◆ Your objective ◆
The answer should be a single number: how many lines in the material contain "cases".
-- Records for the task follows --
lemma prob_ev_pos:
  assumes "\<forall>j\<in>{1..N}. 0 \<le> lam j \<and> lam j \<le> 1" "\<forall>j\<in>{1..N}. 0 \<le> p j \<and> p j \<le> 1"
    and "w \<in> omega N t" "0 < weight N lam p t w" "E w"
  shows "0 < prob_ev N lam p t E"
proof -
  have weight_nonneg: "0 \<le> weight N lam p t w'" for w'
    using assms(1,2) unfolding weight_def by (intro prod_nonneg mult_nonneg_nonneg) auto
  have "weight N lam p t w = (if E w then weight N lam p t w else 0)"
    using assms(5) by simp
  also have "\<dots> \<le> prob_ev N lam p t E"
    unfolding prob_ev_def using assms(3) weight_nonneg
    by (intro member_le_sum) (auto simp: omega_def finite_PiE)
  finally show ?thesis
    using assms(4) by linarith
qed

lemma dloc_pos: "1 \<le> dloc w j t"
  by (induction t) auto

lemma extend_config_less: "s < t \<Longrightarrow> extend_config t w v (s, j) = w (s, j)"
  by (simp add: extend_config_def)

lemma extend_config_last: "extend_config t w v (t, j) = v j"
  by (simp add: extend_config_def)

lemma dloc_extend_config_le: "r \<le> t \<Longrightarrow> dloc (extend_config t w v) j r = dloc w j r"
  by (induction r) (auto simp: extend_config_less)

lemma hist_extend_config_le: "r \<le> t \<Longrightarrow> hist pol (extend_config t w v) r = hist pol w r"
  by (induction r) (auto simp: extend_config_less dloc_extend_config_le Let_def split: option.split)

lemma dloc_extend_config:
  "dloc (extend_config t w v) j (Suc t) = (if fst (v j) then 1 else Suc (dloc w j t))"
  by (simp add: dloc_extend_config_le extend_config_last)

definition slot_obs :: "nat option \<Rightarrow> (nat \<Rightarrow> bool \<times> bool) \<Rightarrow> (nat \<Rightarrow> nat) \<Rightarrow> nat option" where
  "slot_obs u v a = (case u of None \<Rightarrow> None | Some j \<Rightarrow> if snd (v j) then Some (a j) else None)"

definition next_ages :: "(nat \<Rightarrow> bool \<times> bool) \<Rightarrow> (nat \<Rightarrow> nat) \<Rightarrow> nat \<Rightarrow> nat" where
  "next_ages v a = (\<lambda>j. if fst (v j) then 1 else Suc (a j))"

definition other_ages :: "config \<Rightarrow> nat \<Rightarrow> nat \<Rightarrow> nat \<Rightarrow> nat" where
  "other_ages w i t = (\<lambda>j. dloc w j t)(i := 0)"

lemma hist_extend_config_eq_snoc:
  "hist pol (extend_config t w v) (Suc t) = h @ [(u, obs)] \<longleftrightarrow>
     hist pol w t = h \<and> pol h = u \<and> obs = slot_obs u v (\<lambda>j. dloc w j t)"
  by (auto simp: Let_def hist_extend_config_le dloc_extend_config_le slot_obs_def extend_config_last
      split: option.split)

lemma other_ages_extend_config:
  "other_ages (extend_config t w v) i (Suc t) = (next_ages v (other_ages w i t))(i := 0)"
  by (simp add: other_ages_def next_ages_def dloc_extend_config fun_eq_iff del: dloc.simps)

lemma next_ages_fun_upd: "(next_ages (v(i := ab)) a)(i := z) = (next_ages v a)(i := z)"
  by (simp add: next_ages_def fun_eq_iff)

lemma slot_obs_fun_upd_fst: "slot_obs u (v(i := (a, b))) c = slot_obs u (v(i := (a', b))) c"
  by (simp add: slot_obs_def split: option.split)

lemma slot_obs_unobserved:
  "\<not> (u = Some i \<and> obs \<noteq> None) \<Longrightarrow> (obs = slot_obs u v (a(i := z))) = (obs = slot_obs u v a)"
  by (cases u) (auto simp: slot_obs_def)

section \<open>The sufficient statistic of the history\<close>

text \<open>The pair (k, m) of the statement: the local age of node i at its last successful
  observation (initially the known age 1) and the number of slots since then. An observed age is
  always at least 1; clamping it with max makes 1 \<le> k hold for every history, not only for the
  reachable ones.\<close>

definition age_stat_step :: "nat \<Rightarrow> nat \<times> nat \<Rightarrow> nat option \<times> nat option \<Rightarrow> nat \<times> nat" where
  "age_stat_step i km e =
     (if fst e = Some i \<and> snd e \<noteq> None then (max (the (snd e)) 1, 1) else (fst km, Suc (snd km)))"

definition age_stat :: "nat \<Rightarrow> history \<Rightarrow> nat \<times> nat" where
  "age_stat i h = foldl (age_stat_step i) (1, 0) h"

lemma age_stat_Nil [simp]: "age_stat i [] = (1, 0)"
  by (simp add: age_stat_def)

lemma age_stat_snoc [simp]: "age_stat i (h @ [e]) = age_stat_step i (age_stat i h) e"
  by (simp add: age_stat_def)

lemma age_stat_fst_pos: "1 \<le> fst (age_stat i h)"
  by (induction h rule: rev_induct) (auto simp: age_stat_step_def)

lemma age_stat_snd_pos: "h \<noteq> [] \<Longrightarrow> 1 \<le> snd (age_stat i h)"
  by (cases h rule: rev_exhaust) (auto simp: age_stat_step_def)

lemma Dap_eq_age_stat:
  "Dap pol w i t = fst (age_stat i (hist pol w t)) + snd (age_stat i (hist pol w t))"
proof (induction t)
  case (Suc t)
  have "max (dloc w i t) 1 = dloc w i t"
    using dloc_pos by (rule max_absorb1)
  with Suc.IH show ?case
    by (auto simp: Let_def age_stat_step_def split: option.split)
qed simp

section \<open>The belief invariant\<close>

lemma cvec_0: "cvec lam i k 0 d = (if d = k then 1 else 0)"
  by (simp add: cvec_def)

lemma cvec_Suc:
  assumes "1 \<le> k"
  shows "cvec lam i k (Suc m) d =
    lam i * (if d = 1 then 1 else 0) + (1 - lam i) * (if d = 0 then 0 else cvec lam i k m (d - 1))"
proof (cases d)
  case (Suc e)
  then show ?thesis
    using assms by (cases e) (auto simp: cvec_def)
qed (simp add: cvec_def)

text \<open>Q ranges over events about the ages of the other nodes: the policy reacts to their
  observations, so the induction has to carry the conditional independence of node i's age from
  them given the history.\<close>

definition belief_factorizes ::
    "nat \<Rightarrow> (nat \<Rightarrow> real) \<Rightarrow> (nat \<Rightarrow> real) \<Rightarrow> policy \<Rightarrow> nat \<Rightarrow> nat \<Rightarrow> bool" where
  "belief_factorizes N lam p pol i t \<longleftrightarrow>
     (\<forall>h Q d. prob_ev N lam p t (\<lambda>w. dloc w i t = d \<and> hist pol w t = h \<and> Q (other_ages w i t)) =
        cvec lam i (fst (age_stat i h)) (snd (age_stat i h)) d *
        prob_ev N lam p t (\<lambda>w. hist pol w t = h \<and> Q (other_ages w i t)))"

lemma belief_factorizes_0: "belief_factorizes N lam p pol i 0"
  by (simp add: belief_factorizes_def prob_ev_0 cvec_0)

lemma prob_ev_observed:
  assumes "i \<in> {1..N}"
  shows "prob_ev N lam p (Suc t)
      (\<lambda>w. dloc w i (Suc t) = d \<and> hist pol w (Suc t) = h @ [(Some i, Some x)] \<and> Q (other_ages w i (Suc t))) =
    cvec lam i (max x 1) 1 d *
    prob_ev N lam p (Suc t) (\<lambda>w. hist pol w (Suc t) = h @ [(Some i, Some x)] \<and> Q (other_ages w i (Suc t)))"
proof -
  define Y where "Y v = prob_ev N lam p t
      (\<lambda>w. dloc w i t = x \<and> hist pol w t = h \<and> Q ((next_ages v (other_ages w i t))(i := 0)))" for v
  define f where "f a = (if a then (if d = 1 then 1 else 0)
      else if d = 0 then 0 else cvec lam i (max x 1) 0 (d - 1))" for a
  have event: "(hist pol (extend_config t w (v(i := (a, b)))) (Suc t) = h @ [(Some i, Some x)] \<and>
      Q (other_ages (extend_config t w (v(i := (a, b)))) i (Suc t))) \<longleftrightarrow>
      pol h = Some i \<and> b \<and> dloc w i t = x \<and> hist pol w t = h \<and> Q ((next_ages v (other_ages w i t))(i := 0))"
    for w v a b
    unfolding hist_extend_config_eq_snoc other_ages_extend_config next_ages_fun_upd
    by (auto simp: slot_obs_def)
  have den: "prob_ev N lam p t (\<lambda>w. hist pol (extend_config t w (v(i := (a, b)))) (Suc t) = h @ [(Some i, Some x)] \<and>
      Q (other_ages (extend_config t w (v(i := (a, b)))) i (Suc t))) =
      (if pol h = Some i then 1 else 0) * ((if b then 1 else 0) * Y v)" for v a b
    unfolding event prob_ev_const_conj Y_def ..
  have num: "prob_ev N lam p t (\<lambda>w. dloc (extend_config t w (v(i := (a, b)))) i (Suc t) = d \<and>
      hist pol (extend_config t w (v(i := (a, b)))) (Suc t) = h @ [(Some i, Some x)] \<and>
      Q (other_ages (extend_config t w (v(i := (a, b)))) i (Suc t))) =
      f a * ((if pol h = Some i then 1 else 0) * ((if b then 1 else 0) * Y v))" for v a b
  proof (cases "x = 0")
    case True
    have no_zero: "(dloc w i t = 0) = False" for w
      using dloc_pos by (metis not_one_le_zero)
    show ?thesis
      unfolding event unfolding True Y_def no_zero simp_thms by (simp add: prob_ev_def)
  next
    case False
    have "prob_ev N lam p t (\<lambda>w. dloc (extend_config t w (v(i := (a, b)))) i (Suc t) = d \<and>
        hist pol (extend_config t w (v(i := (a, b)))) (Suc t) = h @ [(Some i, Some x)] \<and>
        Q (other_ages (extend_config t w (v(i := (a, b)))) i (Suc t))) =
      prob_ev N lam p t (\<lambda>w. (if a then d = 1 else d = Suc x) \<and> pol h = Some i \<and> b \<and>
        dloc w i t = x \<and> hist pol w t = h \<and> Q ((next_ages v (other_ages w i t))(i := 0)))"
      unfolding dloc_extend_config event by (intro arg_cong[where f = "prob_ev N lam p t"] ext) auto
    also have "\<dots> = (if (if a then d = 1 else d = Suc x) then 1 else 0) *
        ((if pol h = Some i then 1 else 0) * ((if b then 1 else 0) * Y v))"
      unfolding prob_ev_const_conj Y_def ..
    also have "\<dots> = f a * ((if pol h = Some i then 1 else 0) * ((if b then 1 else 0) * Y v))"
      using False by (auto simp: f_def cvec_0)
    finally show ?thesis .
  qed
  have "lam i * f True + (1 - lam i) * f False = cvec lam i (max x 1) 1 d"
    by (simp add: f_def cvec_Suc)
  with prob_ev_Suc_factor[OF assms num den] show ?thesis
    by simp
qed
-- Records for the task concluded --
◆ Output ◆
5